Data repair of density-based data cleaning approach using conditional functional dependencies,Data Technologies and Applications

当前位置： X-MOL 学术 › Data Technol. Appl. › 论文详情

Our official English website, www.x-mol.net, welcomes your feedback! (Note: you will need to create a separate account there.)

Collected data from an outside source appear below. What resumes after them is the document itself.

(* Consider an RBM with observed variables $X\in\{-1,1\}^n$ as in the context. Fix $\delta>0$, $\epsilon>0$, $\zeta>0$. Suppose that for every observed variable $u$ we are given a set $n(u)$ which is a subset of the MRF neighborhood of $u$ and contains every $i$ for which there is $T\subseteq[n]$ with $u,i\in T$ and $|\hat f(T)|\ge\zeta$. Suppose that we are given $M$ i.i.d. samples of $X$ from the RBM and run the regression procedure of the context at each $u$. There is an absolute constant $C>0$ such that if \[M\ge C\,\gamma^2\ln(8\cdot n\cdot 2^D/\delta)/\epsilon^2\quad\text{and}\quad\zeta\le\frac{\sqrt\epsilon}{\psi\sqrt{1+e^{2\gamma}}},\] then with probability at least $1-\delta$, for all observed variables $u$, \[\mathbb{E}\big[(\mathbb{P}(X_u=1|X_{[n]\setminus\{u\}})-\sigma(\hat w_u\cdot z_u))^2\big]\le\epsilon,\] where the expectation is over $X$ drawn from the marginal of the RBM (with $\hat w_u$ fixed) and $z_u$ is the feature vector of $X$ at $u$.
   Context: RBM: $\mathbb{P}(X=x,Y=y)\propto\exp(x^TJy+h^Tx+g^Ty)$ over observed $X\in\{-1,1\}^n$ and latent $Y\in\{-1,1\}^m$. The marginal of $X$ is $\propto\exp(f(x))$, $f(x)=\sum_j\rho(J_j\cdot x+g_j)+h^Tx$, $\rho(t)=\log(e^t+e^{-t})$, $J_j$ the $j$-th column of $J$; $f=\sum_{T\subseteq[n]}\hat f(T)\chi_T$, $\chi_T(x)=\prod_{i\in T}x_i$. MRF neighborhood of $u$: all $i\ne u$ with $\hat f(T)\ne0$ for some $T\ni u,i$. $D$: max size of an MRF neighborhood; $\gamma=\max_u\sum_{T\ni u}|\hat f(T)|$; $\psi:=\max_{u\in[n]}|\{T\subseteq[n]:u\in T,\ \hat f(T)\ne0\}|$. $\sigma(t)=1/(1+e^{-t})$. Regression at $u$: feature vector $z_u=(\chi_T(X))_{T\subseteq n(u)}\in\{-1,1\}^{2^{|n(u)|}}$, label $y=X_u$; from samples $(z^{(k)},y^{(k)})_{k=1}^M$, $\hat w_u\in\arg\min\{\frac1M\sum_{k=1}^M\ln(1+e^{-y^{(k)}(w\cdot z^{(k)})}):w\in\mathbb{R}^{2^{|n(u)|}},\ \|w\|_1\le2\gamma\}$. *)

theory Defs
  imports Complex_Main "HOL-Library.FuncSet"
begin
text \<open>The rank-r cocharacter lattice of T is int^'r
 (a basis is fixed), its complexification is complex^'r, characters are int^'r paired
 via the dual basis, and T itself is modelled as (unit) complex^'r, a cocharacter
 mbar acting by z -> (z^(mbar_i))_i.\<close>

definition pair :: "int^'r \<Rightarrow> complex^'r \<Rightarrow> complex" where
  "pair chi x = (\<Sum>i\<in>UNIV. of_int (chi$i) * x$i)"

definition cvec :: "int^'r \<Rightarrow> complex^'r" where
  "cvec v = (\<chi> i. of_int (v$i))"

definition cmat :: "int^'r^'r \<Rightarrow> complex^'r^'r" where
  "cmat w = (\<chi> i j. of_int (w$i$j))"

definition wact :: "int^'r^'r \<Rightarrow> complex^'r \<Rightarrow> complex^'r" where
  "wact w x = cmat w *v x"

definition cochar :: "int^'r \<Rightarrow> complex \<Rightarrow> complex^'r" where
  "cochar v z = (\<chi> i. z powi (v$i))"

definition tact :: "int^'r^'r \<Rightarrow> complex^'r \<Rightarrow> complex^'r" where
  "tact w t = (\<chi> i. \<Prod>j\<in>UNIV. (t$j) powi (w$i$j))"

definition weyl_group :: "(int^'r^'r) set \<Rightarrow> bool" where
  "weyl_group W \<longleftrightarrow> finite W \<and> mat 1 \<in> W \<and> (\<forall>v\<in>W. \<forall>w\<in>W. v ** w \<in> W)
     \<and> (\<forall>w\<in>W. \<exists>v\<in>W. v ** w = mat 1 \<and> w ** v = mat 1)"

definition stab :: "(int^'r^'r) set \<Rightarrow> nat \<Rightarrow> (complex \<Rightarrow> complex^'r) \<Rightarrow> (int^'r^'r) set" where
  "stab W n m = {w\<in>W. \<forall>z. z ^ n = 1 \<longrightarrow> tact w (m z) = m z}"

definition level_form :: "(int^'r^'r) set \<Rightarrow> (int^'r \<Rightarrow> int) \<Rightarrow> bool" where
  "level_form W \<phi> \<longleftrightarrow>
     (\<exists>c::int^'r^'r. \<forall>v. \<phi> v = (\<Sum>i\<in>UNIV. \<Sum>j\<in>UNIV. c$i$j * v$i * v$j))
     \<and> (\<forall>v. v \<noteq> 0 \<longrightarrow> \<phi> v > 0)
     \<and> (\<forall>w\<in>W. \<forall>v. \<phi> (w *v v) = \<phi> v)"

definition Iform :: "(int^'r \<Rightarrow> int) \<Rightarrow> int^'r \<Rightarrow> int^'r \<Rightarrow> int" where
  "Iform \<phi> a b = \<phi> (a + b) - \<phi> a - \<phi> b"

definition Ihat :: "(int^'r \<Rightarrow> int) \<Rightarrow> int^'r \<Rightarrow> complex^'r \<Rightarrow> complex" where
  "Ihat \<phi> a x = (\<Sum>i\<in>UNIV. of_int (Iform \<phi> a (axis i 1)) * x$i)"

text \<open>Element of Z[That]((q)) given by integer coefficients c j chi (coefficient of
 q^j e^chi), evaluated at (tau, x).\<close>
definition theta_eval :: "(int \<Rightarrow> int^'r \<Rightarrow> int) \<Rightarrow> complex \<Rightarrow> complex^'r \<Rightarrow> complex" where
  "theta_eval c \<tau> x = (\<Sum>\<^sub>\<infinity>(j, chi)\<in>UNIV.
      of_int (c j chi) * exp (pair chi x) * exp (2 * of_real pi * \<i> * \<tau> * of_int j))"

definition theta_terms :: "(int \<Rightarrow> int^'r \<Rightarrow> int) \<Rightarrow> complex \<Rightarrow> complex^'r \<Rightarrow> int \<times> (int^'r) \<Rightarrow> complex" where
  "theta_terms c \<tau> x = (\<lambda>(j, chi). of_int (c j chi) * exp (pair chi x) * exp (2 * of_real pi * \<i> * \<tau> * of_int j))"

text \<open>Theta function of level phi: a Laurent series in q (bounded below) with
 coefficients in Z[That] (finitely supported), converging and holomorphic in (x,tau)
 (stated as separate holomorphy in each variable, equivalent to joint holomorphy by
 Hartogs' theorem), quasi-periodic and W-invariant.\<close>
definition is_theta :: "(int^'r^'r) set \<Rightarrow> (int^'r \<Rightarrow> int) \<Rightarrow> (int \<Rightarrow> int^'r \<Rightarrow> int) \<Rightarrow> bool" where
  "is_theta W \<phi> c \<longleftrightarrow>
     (\<exists>N. \<forall>j<N. \<forall>chi. c j chi = 0)
     \<and> (\<forall>j. finite {chi. c j chi \<noteq> 0})
     \<and> (\<forall>\<tau> x. Im \<tau> > 0 \<longrightarrow> theta_terms c \<tau> x summable_on UNIV)
     \<and> (\<forall>\<tau> x i. Im \<tau> > 0 \<longrightarrow>
          (\<lambda>z. theta_eval c \<tau> (\<chi> j. if j = i then z else x$j)) holomorphic_on UNIV)
     \<and> (\<forall>x. (\<lambda>\<tau>. theta_eval c \<tau> x) holomorphic_on {\<tau>. Im \<tau> > 0})
     \<and> (\<forall>\<tau> x v. Im \<tau> > 0 \<longrightarrow>
          theta_eval c \<tau> (x + (\<chi> i. 2 * of_real pi * \<i> * \<tau> * of_int (v$i)))
          = exp (- Ihat \<phi> v x) * exp (- 2 * of_real pi * \<i> * \<tau> * of_int (\<phi> v)) * theta_eval c \<tau> x)
     \<and> (\<forall>\<tau> x. \<forall>w\<in>W. Im \<tau> > 0 \<longrightarrow> theta_eval c \<tau> (wact w x) = theta_eval c \<tau> x)"

definition Ffun :: "(int^'r \<Rightarrow> int) \<Rightarrow> (int \<Rightarrow> int^'r \<Rightarrow> int) \<Rightarrow> complex \<Rightarrow> nat \<Rightarrow> int
    \<Rightarrow> int^'r \<Rightarrow> complex \<Rightarrow> complex^'r \<Rightarrow> complex" where
  "Ffun \<phi> c \<tau> n k mbar abar x =
     exp (of_int k / of_nat n * Ihat \<phi> mbar x + of_int k / of_nat n * of_int (\<phi> mbar) * abar)
     * theta_eval c \<tau> (x + (\<chi> i. of_int (mbar$i) * abar))"

end

theory Submission
  imports Defs
begin

text \<open>
  If \<open>w\<close> fixes \<open>m\<close> on the \<open>n\<close>-torsion of the circle, evaluating at a primitive \<open>n\<close>-th
  root of unity gives \<open>w mbar \<equiv> mbar (mod n)\<close>, so \<open>w mbar\<close> is another lift of \<open>m\<close>. The
  theorem then follows from two facts. First, \<open>F(\<theta>, w mbar, abar)(w x) = F(\<theta>, mbar, abar)(x)\<close>
  by the \<open>W\<close>-invariance of \<open>\<theta>\<close> and \<open>\<phi>\<close>. Second, \<open>F\<close> does not depend on the lift:
  since \<open>n abar = 2\<pi>i l + 2\<pi>i\<tau> k\<close>, replacing \<open>mbar\<close> by \<open>mbar + n u\<close> translates the argument
  of \<open>\<theta>\<close> by the lattice vector \<open>2\<pi>i l u + 2\<pi>i\<tau> k u\<close>, and the quasi-periodicity factor
  cancels the change of the exponential prefactor up to \<open>exp(2\<pi>i k l \<phi>(u)) = 1\<close>.
\<close>

definition is_quadratic_form :: "(int^'r \<Rightarrow> int) \<Rightarrow> bool" where
  "is_quadratic_form \<phi> \<longleftrightarrow>
     (\<exists>c::int^'r^'r. \<forall>v. \<phi> v = (\<Sum>i\<in>UNIV. \<Sum>j\<in>UNIV. c$i$j * v$i * v$j))"

lemma level_form_imp_quadratic_form: "level_form W \<phi> \<Longrightarrow> is_quadratic_form \<phi>"
  unfolding level_form_def is_quadratic_form_def by blast

lemma level_form_invariant: "level_form W \<phi> \<Longrightarrow> w \<in> W \<Longrightarrow> \<phi> (w *v v) = \<phi> v"
  unfolding level_form_def by blast

lemma Iform_sym: "Iform \<phi> a b = Iform \<phi> b a"
  unfolding Iform_def by (simp add: add.commute)

lemma quadratic_form_add: "\<phi> (a + b) = \<phi> a + \<phi> b + Iform \<phi> a b"
  unfolding Iform_def by simp

lemma Iform_coefficients:
  assumes "\<forall>v. \<phi> v = (\<Sum>i\<in>UNIV. \<Sum>j\<in>UNIV. c$i$j * v$i * v$j)"
  shows "Iform \<phi> a b = (\<Sum>i\<in>UNIV. \<Sum>j\<in>UNIV. (c$i$j + c$j$i) * a$i * b$j)"
proof -
  have "Iform \<phi> a b = (\<Sum>i\<in>UNIV. \<Sum>j\<in>UNIV. c$i$j * a$i * b$j) + (\<Sum>i\<in>UNIV. \<Sum>j\<in>UNIV. c$i$j * b$i * a$j)"
    unfolding Iform_def assms[rule_format]
    by (simp add: algebra_simps sum.distrib sum_subtractf[symmetric])
  also have "(\<Sum>i\<in>UNIV. \<Sum>j\<in>UNIV. c$i$j * b$i * a$j) = (\<Sum>i\<in>UNIV. \<Sum>j\<in>UNIV. c$j$i * a$i * b$j)"
    by (subst sum.swap) (simp add: algebra_simps)
  finally show ?thesis by (simp add: algebra_simps sum.distrib)
qed

lemma quadratic_form_scale:
  assumes "is_quadratic_form \<phi>"
  shows "\<phi> (t *s a) = t^2 * \<phi> a"
proof -
  obtain c where c: "\<forall>v. \<phi> v = (\<Sum>i\<in>UNIV. \<Sum>j\<in>UNIV. c$i$j * v$i * v$j)"
    using assms unfolding is_quadratic_form_def by blast
  have "(\<Sum>i\<in>UNIV. \<Sum>j\<in>UNIV. c$i$j * (t *s a)$i * (t *s a)$j)
      = (\<Sum>i\<in>UNIV. \<Sum>j\<in>UNIV. t^2 * (c$i$j * a$i * a$j))"
    by (intro sum.cong refl) (simp add: power2_eq_square algebra_simps)
  then show ?thesis unfolding c[rule_format] by (simp add: sum_distrib_left)
qed

lemma Iform_add_right:
  assumes "is_quadratic_form \<phi>"
  shows "Iform \<phi> a (b + b') = Iform \<phi> a b + Iform \<phi> a b'"
proof -
  obtain c where c: "\<forall>v. \<phi> v = (\<Sum>i\<in>UNIV. \<Sum>j\<in>UNIV. c$i$j * v$i * v$j)"
    using assms unfolding is_quadratic_form_def by blast
  show ?thesis unfolding Iform_coefficients[OF c] by (simp add: algebra_simps sum.distrib)
qed

lemma Iform_scale_right:
  assumes "is_quadratic_form \<phi>"
  shows "Iform \<phi> a (t *s b) = t * Iform \<phi> a b"
proof -
  obtain c where c: "\<forall>v. \<phi> v = (\<Sum>i\<in>UNIV. \<Sum>j\<in>UNIV. c$i$j * v$i * v$j)"
    using assms unfolding is_quadratic_form_def by blast
  show ?thesis unfolding Iform_coefficients[OF c] by (simp add: algebra_simps sum_distrib_left)
qed

lemma Iform_add_left:
  assumes "is_quadratic_form \<phi>"
  shows "Iform \<phi> (b + b') a = Iform \<phi> b a + Iform \<phi> b' a"
  using Iform_add_right[OF assms] Iform_sym by metis

lemma Iform_scale_left:
  assumes "is_quadratic_form \<phi>"
  shows "Iform \<phi> (t *s b) a = t * Iform \<phi> b a"
  using Iform_scale_right[OF assms] Iform_sym by metis

lemma Iform_axis_expansion:
  assumes "is_quadratic_form \<phi>"
  shows "Iform \<phi> a b = (\<Sum>j\<in>UNIV. Iform \<phi> a (axis j 1) * b$j)"
proof -
  obtain c where c: "\<forall>v. \<phi> v = (\<Sum>i\<in>UNIV. \<Sum>j\<in>UNIV. c$i$j * v$i * v$j)"
    using assms unfolding is_quadratic_form_def by blast
  have "(\<Sum>j\<in>UNIV. Iform \<phi> a (axis j 1) * b$j)
      = (\<Sum>j\<in>UNIV. (\<Sum>i\<in>UNIV. (c$i$j + c$j$i) * a$i) * b$j)"
    unfolding Iform_coefficients[OF c] by (simp add: axis_def if_distrib cong: if_cong)
  also have "\<dots> = (\<Sum>i\<in>UNIV. \<Sum>j\<in>UNIV. (c$i$j + c$j$i) * a$i * b$j)"
    by (subst sum.swap) (simp add: sum_distrib_right)
  finally show ?thesis unfolding Iform_coefficients[OF c] by simp
qed

lemma Iform_matrix_invariant:
  assumes "\<And>v. \<phi> (w *v v) = \<phi> v"
  shows "Iform \<phi> (w *v a) (w *v b) = Iform \<phi> a b"
  unfolding Iform_def matrix_vector_right_distrib[symmetric] assms ..

lemma vec_of_int_mult_eq_scale_cvec: "(\<chi> i. of_int (v$i) * s) = s *s cvec v"
  by (simp add: vec_eq_iff cvec_def mult.commute)

lemma vec_mult_of_int_eq_scale_cvec: "(\<chi> i. s * of_int (v$i)) = s *s cvec v"
  by (simp add: vec_eq_iff cvec_def)

lemma cvec_add: "cvec (a + b) = cvec a + cvec b"
  by (simp add: vec_eq_iff cvec_def)

lemma cvec_scale: "cvec (t *s a) = of_int t *s cvec a"
  by (simp add: vec_eq_iff cvec_def)

lemma wact_add: "wact w (x + y) = wact w x + wact w y"
  by (simp add: wact_def matrix_vector_right_distrib)

lemma wact_scale: "wact w (s *s x) = s *s wact w x"
  by (simp add: wact_def vector_scalar_commute)

lemma wact_cvec: "wact w (cvec v) = cvec (w *v v)"
  by (simp add: vec_eq_iff wact_def cmat_def cvec_def matrix_vector_mult_def of_int_sum)

lemma Ihat_add: "Ihat \<phi> a (x + y) = Ihat \<phi> a x + Ihat \<phi> a y"
  by (simp add: Ihat_def algebra_simps sum.distrib)

lemma Ihat_scale: "Ihat \<phi> a (s *s x) = s * Ihat \<phi> a x"
  by (simp add: Ihat_def algebra_simps sum_distrib_left)

lemma Ihat_cvec:
  assumes "is_quadratic_form \<phi>"
  shows "Ihat \<phi> a (cvec b) = of_int (Iform \<phi> a b)"
  by (simp add: Ihat_def cvec_def Iform_axis_expansion[OF assms, of a b] of_int_sum)

lemma Ihat_add_left:
  assumes "is_quadratic_form \<phi>"
  shows "Ihat \<phi> (a + b) x = Ihat \<phi> a x + Ihat \<phi> b x"
  by (simp add: Ihat_def Iform_add_left[OF assms] algebra_simps sum.distrib)

lemma Ihat_scale_left:
  assumes "is_quadratic_form \<phi>"
  shows "Ihat \<phi> (t *s a) x = of_int t * Ihat \<phi> a x"
  by (simp add: Ihat_def Iform_scale_left[OF assms] algebra_simps sum_distrib_left)

lemma Ihat_wact:
  assumes "is_quadratic_form \<phi>" and "\<And>v. \<phi> (w *v v) = \<phi> v"
  shows "Ihat \<phi> (w *v a) (wact w x) = Ihat \<phi> a x"
proof -
  have "Ihat \<phi> (w *v a) (wact w x)
      = (\<Sum>k\<in>UNIV. of_int (Iform \<phi> (w *v a) (axis k 1)) * (\<Sum>j\<in>UNIV. of_int (w$k$j) * x$j))"
    by (simp add: Ihat_def wact_def cmat_def matrix_vector_mult_def)
  also have "\<dots> = (\<Sum>j\<in>UNIV. of_int (\<Sum>k\<in>UNIV. Iform \<phi> (w *v a) (axis k 1) * w$k$j) * x$j)"
    by (simp add: sum_distrib_left sum_distrib_right of_int_sum algebra_simps) (subst sum.swap, simp)
  also have "\<dots> = (\<Sum>j\<in>UNIV. of_int (Iform \<phi> a (axis j 1)) * x$j)"
  proof (intro sum.cong refl arg_cong2[where f = "(*)"] arg_cong[where f = of_int])
    fix j
    have "(w *v axis j 1) $ k = w$k$j" for k
      by (simp add: matrix_vector_mult_def axis_def if_distrib cong: if_cong)
    then have "(\<Sum>k\<in>UNIV. Iform \<phi> (w *v a) (axis k 1) * w$k$j) = Iform \<phi> (w *v a) (w *v axis j 1)"
      using Iform_axis_expansion[OF assms(1), of "w *v a" "w *v axis j 1"] by simp
    also have "\<dots> = Iform \<phi> a (axis j 1)"
      by (rule Iform_matrix_invariant) (rule assms(2))
    finally show "(\<Sum>k\<in>UNIV. Iform \<phi> (w *v a) (axis k 1) * w$k$j) = Iform \<phi> a (axis j 1)" .
  qed
  finally show ?thesis by (simp add: Ihat_def)
qed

Data repair of density-based data cleaning approach using conditional functional dependencies
Data Technologies and Applications ( IF 1.7 ) Pub Date : 2021-11-19 , DOI: 10.1108/dta-05-2021-0108
Samir Al-Janabi ₁ , Ryszard Janicki ₁

Affiliation

Purpose

Data quality is a major challenge in data management. For organizations, the cleanliness of data is a significant problem that affects many business activities. Errors in data occur for different reasons, such as violation of business rules. However, because of the huge amount of data, manual cleaning alone is infeasible. Methods are required to repair and clean the dirty data through automatic detection, which are data quality issues to address. The purpose of this work is to extend the density-based data cleaning approach using conditional functional dependencies to achieve better data repair.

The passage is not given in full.